В ответ на заявления правительства, и в частности Милюкова, Исполнительный Комитет также заявил официально, твердо и ясно: демократия открывает борьбу с империалистским курсом правительства, продолжающего политику царизма. Она открывает борьбу за мир, против разбойничьих покушений не только Вильгельма, но и Милюкова с его союзниками; против такой политики, которая обязательства перед англо-французским империализмом ставит выше долга перед демократией, выше мира и братства народов. Манифест был таким заявлением, обязывающим советскую демократию к борьбе с правительством цензовиков… Стороны стали друг против друга. Узел был завязан.

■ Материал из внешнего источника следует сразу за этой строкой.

lemma eq_if_sum_power2_diff_eq_0:
  fixes x y :: "nat \<Rightarrow> real"
  assumes "\<forall>i>m. x i = y i" and "(\<Sum>j\<le>m. (x j - y j)\<^sup>2) = 0"
  shows "x = y"
proof
  fix i
  show "x i = y i"
  proof (cases "i \<le> m")
    case True
    then show ?thesis
      using assms(2) by (subst (asm) sum_nonneg_eq_0_iff) auto
  qed (use assms(1) in auto)
qed

lemma sphere_proj_in_nsphere_set:
  assumes "\<forall>i>m. v i = 0" and "(\<Sum>j\<le>m. (v j)\<^sup>2) \<noteq> 0"
  shows "sphere_proj m v \<in> nsphere_set m"
proof -
  define s where "s = (\<Sum>j\<le>m. (v j)\<^sup>2)"
  have "s > 0"
    using assms(2) unfolding s_def by (metis less_eq_real_def sum_nonneg zero_le_power2)
  then have "(\<Sum>i\<le>m. (v i / sqrt s)\<^sup>2) = 1"
    by (simp add: power_divide flip: sum_divide_distrib s_def)
  then show ?thesis
    using assms(1) by (simp add: sphere_proj_def nsphere_set_def s_def)
qed

lemma sphere_proj_id: "x \<in> nsphere_set m \<Longrightarrow> sphere_proj m x = x"
  by (simp add: sphere_proj_def nsphere_set_def)

lemma continuous_on_sphere_proj:
  assumes "continuous_on A V" and "\<And>p. p \<in> A \<Longrightarrow> (\<Sum>j\<le>m. (V p j)\<^sup>2) \<noteq> 0"
  shows "continuous_on A (\<lambda>p. sphere_proj m (V p))"
proof (rule continuous_on_coordinatewise_then_product)
  fix i
  have "\<And>j. continuous_on A (\<lambda>p. V p j)"
    by (rule continuous_on_product_then_coordinatewise[OF assms(1)])
  then show "continuous_on A (\<lambda>p. sphere_proj m (V p) i)"
    unfolding sphere_proj_def using assms(2) by (intro continuous_intros) auto
qed

lemma homotopic_sphere_proj:
  fixes V :: "real \<times> (nat \<Rightarrow> real) \<Rightarrow> nat \<Rightarrow> real"
  assumes contV: "continuous_on ({0..1} \<times> nsphere_set m) V"
    and V: "\<And>p. p \<in> {0..1} \<times> nsphere_set m \<Longrightarrow> (\<forall>i>m. V p i = 0) \<and> (\<Sum>j\<le>m. (V p j)\<^sup>2) \<noteq> 0"
    and V0: "\<And>x. x \<in> nsphere_set m \<Longrightarrow> sphere_proj m (V (0, x)) = g x"
    and V1: "\<And>x. x \<in> nsphere_set m \<Longrightarrow> sphere_proj m (V (1, x)) = h x"
  shows "homotopic_with (\<lambda>_. True) (nsphere m) (nsphere m) g h"
proof (subst homotopic_with, simp, intro exI conjI ballI)
  show "continuous_map (prod_topology (top_of_set {0..1}) (nsphere m)) (nsphere m)
          (\<lambda>p. sphere_proj m (V p))"
    unfolding nsphere_eq_top_of_set prod_topology_subtopology_eu continuous_map_subtopology_eu
    using V sphere_proj_in_nsphere_set by (auto intro!: continuous_on_sphere_proj contV)
qed (use V0 V1 in \<open>auto simp: nsphere_eq_top_of_set\<close>)

lemma continuous_on_compose_coordinate:
  assumes "continuous_on T f" and "continuous_on A g" and "g ` A \<subseteq> T"
  shows "continuous_on A (\<lambda>p. f (g p) i)"
  by (rule continuous_on_product_then_coordinatewise[OF continuous_on_compose2[OF assms]])

lemma scale_in_nball:
  assumes "\<bar>t\<bar> \<le> 1" and "x \<in> nball m"
  shows "(\<lambda>j. t * x j) \<in> nball m"
proof -
  have "(\<Sum>j\<le>m. (t * x j)\<^sup>2) = t\<^sup>2 * (\<Sum>j\<le>m. (x j)\<^sup>2)"
    by (simp add: power_mult_distrib sum_distrib_left)
  also have "\<dots> \<le> 1 * 1"
    using assms by (intro mult_mono) (auto simp: nball_def abs_square_le_1 sum_nonneg)
  finally show ?thesis
    using assms by (auto simp: nball_def)
qed

lemma homotopic_id_sphere_proj_diff:
  assumes contf: "continuous_on (nball m) f" and f_nball: "f ` nball m \<subseteq> nball m"
    and no_fix: "\<And>x. x \<in> nsphere_set m \<Longrightarrow> f x \<noteq> x"
  shows "homotopic_with (\<lambda>_. True) (nsphere m) (nsphere m) id (\<lambda>x. sphere_proj m (\<lambda>i. x i - f x i))"
proof -
  define V where "V = (\<lambda>p i. snd p i - fst p * f (snd p) i)"
  show ?thesis
  proof (rule homotopic_sphere_proj[of m V])
    show "continuous_on ({0..1} \<times> nsphere_set m) V"
      unfolding V_def using nsphere_set_subset_nball
      by (fastforce intro!: continuous_intros continuous_on_compose_coordinate[OF contf]
          continuous_on_product_then_coordinatewise[OF continuous_on_snd[OF continuous_on_id]])
    fix p :: "real \<times> (nat \<Rightarrow> real)"
    assume "p \<in> {0..1} \<times> nsphere_set m"
    then obtain t x where tx: "p = (t, x)" "t \<in> {0..1}" "x \<in> nsphere_set m"
      by auto
    then have fx: "f x \<in> nball m"
      using f_nball nsphere_set_subset_nball by blast
    have "(\<Sum>j\<le>m. (V p j)\<^sup>2) \<noteq> 0"
    proof
      assume "(\<Sum>j\<le>m. (V p j)\<^sup>2) = 0"
      then have x_eq: "x = (\<lambda>j. t * f x j)"
        using tx fx by (intro eq_if_sum_power2_diff_eq_0[of m]) (auto simp: V_def nsphere_set_def nball_def)
      have "1 = (\<Sum>j\<le>m. (t * f x j)\<^sup>2)"
        using tx(3) by (subst (asm) x_eq) (simp add: nsphere_set_def)
      also have "\<dots> = t\<^sup>2 * (\<Sum>j\<le>m. (f x j)\<^sup>2)"
        by (simp add: power_mult_distrib sum_distrib_left)
      also have "\<dots> \<le> t\<^sup>2"
        using fx by (intro mult_left_le) (auto simp: nball_def)
      finally have "t = 1"
        using tx(2) mult_left_le_one_le[of t t] by (auto simp: power2_eq_square)
      then show False
        using x_eq no_fix[OF tx(3)] by auto
    qed
    then show "(\<forall>i>m. V p i = 0) \<and> (\<Sum>j\<le>m. (V p j)\<^sup>2) \<noteq> 0"
      using tx fx by (simp add: V_def nsphere_set_def nball_def)
  qed (auto simp: V_def sphere_proj_id)
qed

lemma homotopic_sphere_proj_diff_const:
  assumes contf: "continuous_on (nball m) f" and f_nball: "f ` nball m \<subseteq> nball m"
    and no_fix: "\<And>x. x \<in> nball m \<Longrightarrow> f x \<noteq> x"
  shows "homotopic_with (\<lambda>_. True) (nsphere m) (nsphere m)
           (\<lambda>x. sphere_proj m (\<lambda>i. x i - f x i)) (\<lambda>x. sphere_proj m (\<lambda>i. - f (\<lambda>j. 0) i))"
proof -
  define y where "y p = (\<lambda>j. (1 - fst p) * snd p j)" for p :: "real \<times> (nat \<Rightarrow> real)"
  define V where "V p = (\<lambda>i. y p i - f (y p) i)" for p
  have y: "y p \<in> nball m" if "p \<in> {0..1::real} \<times> nsphere_set m" for p
    using that nsphere_set_subset_nball unfolding y_def by (intro scale_in_nball) (auto simp: subset_iff)
  show ?thesis
  proof (rule homotopic_sphere_proj[of m V])
    have cont_y: "continuous_on ({0..1} \<times> nsphere_set m) y"
      unfolding y_def
      by (intro continuous_intros continuous_on_product_then_coordinatewise[OF continuous_on_snd[OF continuous_on_id]])
    have "y ` ({0..1} \<times> nsphere_set m) \<subseteq> nball m"
      using y by blast
    then show "continuous_on ({0..1} \<times> nsphere_set m) V"
      unfolding V_def
      by (intro continuous_on_coordinatewise_then_product continuous_intros
          continuous_on_product_then_coordinatewise[OF cont_y] continuous_on_compose_coordinate[OF contf cont_y])
    fix p :: "real \<times> (nat \<Rightarrow> real)"
    assume p: "p \<in> {0..1} \<times> nsphere_set m"
    then have "f (y p) \<in> nball m"
      using y f_nball by blast
    then show "(\<forall>i>m. V p i = 0) \<and> (\<Sum>j\<le>m. (V p j)\<^sup>2) \<noteq> 0"
      using y[OF p] no_fix[OF y[OF p]] eq_if_sum_power2_diff_eq_0[of m "y p" "f (y p)"]
      by (auto simp: V_def nball_def)
  qed (auto simp: V_def y_def)
qed

lemma brouwer_nball:
  assumes contf: "continuous_on (nball m) f" and f_nball: "f ` nball m \<subseteq> nball m"
  shows "\<exists>x\<in>nball m. f x = x"
proof (rule ccontr)
  assume "\<not> ?thesis"
  then have no_fix: "\<And>x. x \<in> nball m \<Longrightarrow> f x \<noteq> x"
    by blast
  have "homotopic_with (\<lambda>_. True) (nsphere m) (nsphere m) id (\<lambda>x. sphere_proj m (\<lambda>i. - f (\<lambda>j. 0) i))"
    using homotopic_id_sphere_proj_diff[OF contf f_nball] homotopic_sphere_proj_diff_const[OF contf f_nball]
      no_fix nsphere_set_subset_nball
    by (meson homotopic_with_trans subsetD)
  then have "contractible_space (nsphere m)"
    unfolding contractible_space_def by blast
  then show False
    using non_contractible_space_nsphere by blast
qed

lemma compact_standard_simplex: "compact (standard_simplex m)"
  using compactin_standard_simplex by (simp add: euclidean_product_topology)

lemma standard_simplex_subset_nball: "standard_simplex m \<subseteq> nball m"
proof
  fix x assume x: "x \<in> standard_simplex m"
  have "(\<Sum>i\<le>m. (x i)\<^sup>2) \<le> (\<Sum>i\<le>m. x i)"
    using x by (intro sum_mono) (auto simp: standard_simplex_def power2_eq_square mult_left_le_one_le)
  then show "x \<in> nball m"
    using x by (simp add: standard_simplex_def nball_def)
qed

text \<open>Clip the negative coordinates, spread the missing mass evenly, and rescale.\<close>

lemma standard_simplex_retraction:
  obtains r where "continuous_on UNIV r" and "\<And>x. r x \<in> standard_simplex m"
    and "\<And>x. x \<in> standard_simplex m \<Longrightarrow> r x = x"
proof
  define s where "s x = (\<Sum>j\<le>m. max (x j) 0)" for x :: "nat \<Rightarrow> real"
  define c where "c x = max 0 (1 - s x)" for x
  define r where "r x i = (if i \<le> m then (max (x i) 0 + c x / (m + 1)) / max 1 (s x) else 0)" for x i
  have mass: "(\<Sum>i\<le>m. max (x i) 0 + c x / (m + 1)) = max 1 (s x)" for x
    by (simp add: sum.distrib s_def c_def)
  show "continuous_on UNIV r"
  proof (rule continuous_on_coordinatewise_then_product)
    fix i
    show "continuous_on UNIV (\<lambda>x. r x i)"
    proof (cases "i \<le> m")
      case True
      then show ?thesis
        unfolding r_def c_def s_def by (simp, intro continuous_intros) (auto simp: max_def)
    qed (simp add: r_def)
  qed
  show "r x \<in> standard_simplex m" for x
  proof -
    have nonneg: "0 \<le> r x i" for i
      by (simp add: r_def c_def)
    have sum1: "(\<Sum>i\<le>m. r x i) = 1"
      using mass[of x] by (simp add: r_def flip: sum_divide_distrib)
    have "r x i \<le> 1" for i
    proof (cases "i \<le> m")
      case True
      then show ?thesis
        using sum1 nonneg by (metis atMost_iff finite_atMost member_le_sum)
    qed (simp add: r_def)
    then show ?thesis
      using nonneg sum1 by (simp add: standard_simplex_def r_def)
  qed
  show "r x = x" if x: "x \<in> standard_simplex m" for x
  proof
    fix i
    have "s x = 1"
      using x by (simp add: s_def standard_simplex_def max_absorb1)
    then show "r x i = x i"
      using x by (simp add: r_def c_def standard_simplex_def max_absorb1)
  qed
qed

theorem brouwer_standard_simplex:
  assumes contf: "continuous_on (standard_simplex m) f"
    and f_simplex: "f ` standard_simplex m \<subseteq> standard_simplex m"
  shows "\<exists>x\<in>standard_simplex m. f x = x"
proof -
  obtain r where contr: "continuous_on UNIV r" and r: "\<And>x. r x \<in> standard_simplex m"
    and r_id: "\<And>x. x \<in> standard_simplex m \<Longrightarrow> r x = x"
    using standard_simplex_retraction by blast
  have "continuous_on (nball m) (f \<circ> r)"
    using r by (intro continuous_on_compose continuous_on_subset[OF contr] continuous_on_subset[OF contf]) auto
  moreover have "(f \<circ> r) ` nball m \<subseteq> nball m"
    using f_simplex r standard_simplex_subset_nball by fastforce
  ultimately obtain x where x: "f (r x) = x"
    using brouwer_nball[of m "f \<circ> r"] by auto
  have "f (r x) \<in> standard_simplex m"
    using f_simplex r by blast
  then have "x \<in> standard_simplex m"
    using x by simp
  then show ?thesis
    using x r_id by metis
qed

Но любопытно, что происходило внутри самой советской демократии? Какую позицию заняли или наметили в вопросе войны и мира отдельные советские группы?.. Резкой, оформленной партийной борьбы внутри Совета все еще не было. Эсеры в то время включали в единую советскую группу и левейшего Александровича, и правейшего Зензинова: когда левые еще не были ни поглощены, ни дезавуированы правыми. Это лишало советских эсеров и ударной силы, и всякой физиономии. Меньшевики же в то время на петербургской городской конференции ставили в порядок дня объединение с большевиками (!)… Советские фракции в эту идиллическую эпоху были еще не «устроены»; ни организационно, ни идейно они не были в состоянии разрушить единый демократический фронт.

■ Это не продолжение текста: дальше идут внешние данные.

text \<open>The metric depends on \<open>x\<^sub>2\<close> only, so along the Hamiltonian flow of \<open>p\<^sup>2/2\<close> the
  momenta \<open>\<xi>\<^sub>1, \<xi>\<^sub>3\<close> are conserved; starting from \<open>\<xi> = (sin \<theta>, cos \<theta>, 0)\<close> also \<open>\<xi>\<^sub>2\<close> is
  conserved, since \<open>\<partial>p\<^sup>2/\<partial>x\<^sub>2 = 2\<alpha>'(x\<^sub>2)\<xi>\<^sub>1\<xi>\<^sub>3\<close> vanishes. Integrating
  \<open>x' = (g\<^sup>j\<^sup>k)\<xi> = (sin \<theta>, cos \<theta>, \<alpha>(x\<^sub>2) sin \<theta>)\<close> gives the curve. In the geodesic equation only
  \<open>\<partial>g/\<partial>x\<^sub>2\<close> enters the Christoffel symbols, and their contraction with the velocity,
  \<open>(0, 0, -\<alpha>'(t cos \<theta>) sin \<theta> cos \<theta>)\<close>, cancels the acceleration. At \<open>\<theta> = 0\<close> the Jacobian
  matrix of \<open>(x\<^sub>1, \<theta>, t) \<mapsto> x\<close> is \<open>((1, t, 0), (0, 0, 1), (0, A(t), 0))\<close> with \<open>A = antideriv \<alpha>\<close>,
  of determinant \<open>-A(t)\<close>.\<close>

lemma vector3_eq_sum_axis:
  "(vector [a, b, c] :: real^3) = a *\<^sub>R axis 1 1 + b *\<^sub>R axis 2 1 + c *\<^sub>R axis 3 1"
  by (simp add: vec_eq_iff forall_3 axis_def)

lemma has_vector_derivative_vector3:
  assumes "(f1 has_real_derivative d1) (at t within S)" "(f2 has_real_derivative d2) (at t within S)"
    "(f3 has_real_derivative d3) (at t within S)"
  shows "((\<lambda>t. vector [f1 t, f2 t, f3 t] :: real^3) has_vector_derivative vector [d1, d2, d3])
    (at t within S)"
  unfolding vector3_eq_sum_axis by (auto intro!: derivative_eq_intros assms)

lemma has_derivative_vector3:
  assumes "(f1 has_derivative d1) F" "(f2 has_derivative d2) F" "(f3 has_derivative d3) F"
  shows "((\<lambda>u. vector [f1 u, f2 u, f3 u] :: real^3) has_derivative (\<lambda>h. vector [d1 h, d2 h, d3 h])) F"
  unfolding vector3_eq_sum_axis by (auto intro!: derivative_eq_intros assms)

lemma antideriv_has_real_derivative:
  assumes "continuous_on UNIV a"
  shows "(antideriv a has_real_derivative a x) (at x)"
proof -
  define c where "c = min x 0 - 1"
  define d where "d = max x 0 + 1"
  have integrable: "a integrable_on {c..d}"
    using assms integrable_continuous_real continuous_on_subset by blast
  have antideriv_eq: "antideriv a t = integral {c..t} a - integral {c..0} a" if "t \<in> {c<..<d}" for t
  proof (cases "0 \<le> t")
    case True
    have "integral {c..0} a + integral {0..t} a = integral {c..t} a"
      by (rule Henstock_Kurzweil_Integration.integral_combine)
        (use True that in \<open>auto simp: c_def d_def intro!: integrable_on_subinterval[OF integrable]\<close>)
    then show ?thesis using True by (simp add: antideriv_def)
  next
    case False
    have "integral {c..t} a + integral {t..0} a = integral {c..0} a"
      by (rule Henstock_Kurzweil_Integration.integral_combine)
        (use False that in \<open>auto simp: c_def d_def intro!: integrable_on_subinterval[OF integrable]\<close>)
    then show ?thesis using False by (simp add: antideriv_def)
  qed
  have "((\<lambda>t. integral {c..t} a) has_real_derivative a x) (at x within {c..d})"
    by (rule integral_has_real_derivative) (auto intro: continuous_on_subset[OF assms] simp: c_def d_def)
  then have "((\<lambda>t. integral {c..t} a) has_real_derivative a x) (at x)"
    by (subst (asm) at_within_interior) (auto simp: c_def d_def)
  then have "((\<lambda>t. integral {c..t} a - integral {c..0} a) has_real_derivative a x) (at x)"
    by (auto intro!: derivative_eq_intros)
  then show ?thesis
    by (rule has_field_derivative_transform_within_open[where S = "{c<..<d}"])
      (use antideriv_eq in \<open>auto simp: c_def d_def\<close>)
qed

lemma matrix_inv_eqI:
  fixes A :: "'a::semiring_1^'n^'m" and B :: "'a^'m^'n"
  assumes "A ** B = mat 1" "B ** A = mat 1"
  shows "matrix_inv A = B"
proof -
  have "A ** matrix_inv A = mat 1 \<and> matrix_inv A ** A = mat 1"
    unfolding matrix_inv_def by (rule someI[of _ B]) (use assms in blast)
  then have left_inverse: "matrix_inv A ** A = mat 1" ..
  have "matrix_inv A = matrix_inv A ** (A ** B)"
    using assms by simp
  also have "\<dots> = B"
    using left_inverse by (simp add: matrix_mul_assoc)
  finally show ?thesis .
qed

text \<open>For a metric \<open>g\<close> depending on the coordinate \<open>x\<^sub>m\<close> only, with \<open>C = g\<^sup>-\<^sup>1\<close> and
  \<open>P = \<partial>g/\<partial>x\<^sub>m\<close>, the left-hand side is the contraction \<open>\<Gamma>\<^sup>k\<^sub>i\<^sub>j v\<^sup>i v\<^sup>j\<close>.\<close>

lemma christoffel_contraction_one_coordinate:
  fixes C P :: "real^'n^'n" and v :: "real^'n"
  assumes "transpose P = P"
  shows "(\<Sum>i\<in>UNIV. \<Sum>j\<in>UNIV. (1/2 * (\<Sum>l\<in>UNIV. C $ k $ l *
      ((if i = m then P $ j $ l else 0) + (if j = m then P $ i $ l else 0) - (if l = m then P $ i $ j else 0))))
      * v $ i * v $ j)
    = v $ m * (C *v (P *v v)) $ k - 1/2 * C $ k $ m * (v \<bullet> (P *v v))"
proof -
  define A where "A i j l = (if i = m then P $ j $ l else 0) + (if j = m then P $ i $ l else 0)
    - (if l = m then P $ i $ j else 0)" for i j l
  have sym: "P $ i $ j = P $ j $ i" for i j
    using assms by (metis transpose_def vec_lambda_beta)
  have if_zero_mult: "(if b then x else 0) * y = (if b then x * y else (0::real))"
      "y * (if b then x else 0) = (if b then y * x else (0::real))" for b x y
    by simp_all
  have first: "(\<Sum>i\<in>UNIV. \<Sum>j\<in>UNIV. (if i = m then P $ j $ l else 0) * v $ i * v $ j)
      = v $ m * (P *v v) $ l" for l
    by (subst sum.swap)
      (simp add: if_zero_mult, simp add: matrix_vector_mult_def sum_distrib_left sym[of _ l] mult_ac)
  have second: "(\<Sum>i\<in>UNIV. \<Sum>j\<in>UNIV. (if j = m then P $ i $ l else 0) * v $ i * v $ j)
      = v $ m * (P *v v) $ l" for l
    by (simp add: if_zero_mult, simp add: matrix_vector_mult_def sum_distrib_left sym[of _ l] mult_ac)
  have third: "(\<Sum>i\<in>UNIV. \<Sum>j\<in>UNIV. (if l = m then P $ i $ j else 0) * v $ i * v $ j)
      = (if l = m then v \<bullet> (P *v v) else 0)" for l
    by (simp add: matrix_vector_mult_def inner_vec_def sum_distrib_left mult_ac)
  have contract: "(\<Sum>i\<in>UNIV. \<Sum>j\<in>UNIV. A i j l * v $ i * v $ j)
      = 2 * v $ m * (P *v v) $ l - (if l = m then v \<bullet> (P *v v) else 0)" for l
    unfolding A_def
    by (simp only: distrib_right left_diff_distrib sum.distrib sum_subtractf first second third)
  have "(\<Sum>i\<in>UNIV. \<Sum>j\<in>UNIV. (1/2 * (\<Sum>l\<in>UNIV. C $ k $ l * A i j l)) * v $ i * v $ j)
      = (\<Sum>i\<in>UNIV. \<Sum>j\<in>UNIV. \<Sum>l\<in>UNIV. 1/2 * C $ k $ l * (A i j l * v $ i * v $ j))"
    by (simp add: sum_distrib_left sum_distrib_right mult_ac)
  also have "\<dots> = (\<Sum>i\<in>UNIV. \<Sum>l\<in>UNIV. \<Sum>j\<in>UNIV. 1/2 * C $ k $ l * (A i j l * v $ i * v $ j))"
    by (rule sum.cong[OF refl], rule sum.swap)
  also have "\<dots> = (\<Sum>l\<in>UNIV. 1/2 * C $ k $ l * (\<Sum>i\<in>UNIV. \<Sum>j\<in>UNIV. A i j l * v $ i * v $ j))"
    by (subst sum.swap) (simp add: sum_distrib_left)
  also have "\<dots> = v $ m * (C *v (P *v v)) $ k - 1/2 * C $ k $ m * (v \<bullet> (P *v v))"
    by (simp only: contract) (simp add: right_diff_distrib sum_subtractf sum_distrib_left mult_ac
        matrix_vector_mult_def if_zero_mult)
  finally show ?thesis by (simp only: A_def)
qed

Но течения внутри Исполнительного Комитета, конечно, уже вполне определились. И по вопросу о войне и мире они в те дни уже широко раскинулись справа налево. течения эти отражались и в партийной прессе… Большевики, собственно говоря, не выдвигали, как и по вопросу о власти, никакой самостоятельной программы. Они, во-первых, просто ворчали и фыркали, а во-вторых – «поговаривали» и «пописывали» о братании на фронте, о превращении империалистской войны в гражданскую, о необходимости «повернуть оружие против классовых врагов» и т. п. Наличные большевистские заправилы, не имея ничего за душой, старались представить себе, что сказали бы на их месте отсутствующие партийные идеологи, и старались воспроизвести это; но ни на какие законченные теории, ни тем более на какие-либо ответственные выступления они не решались.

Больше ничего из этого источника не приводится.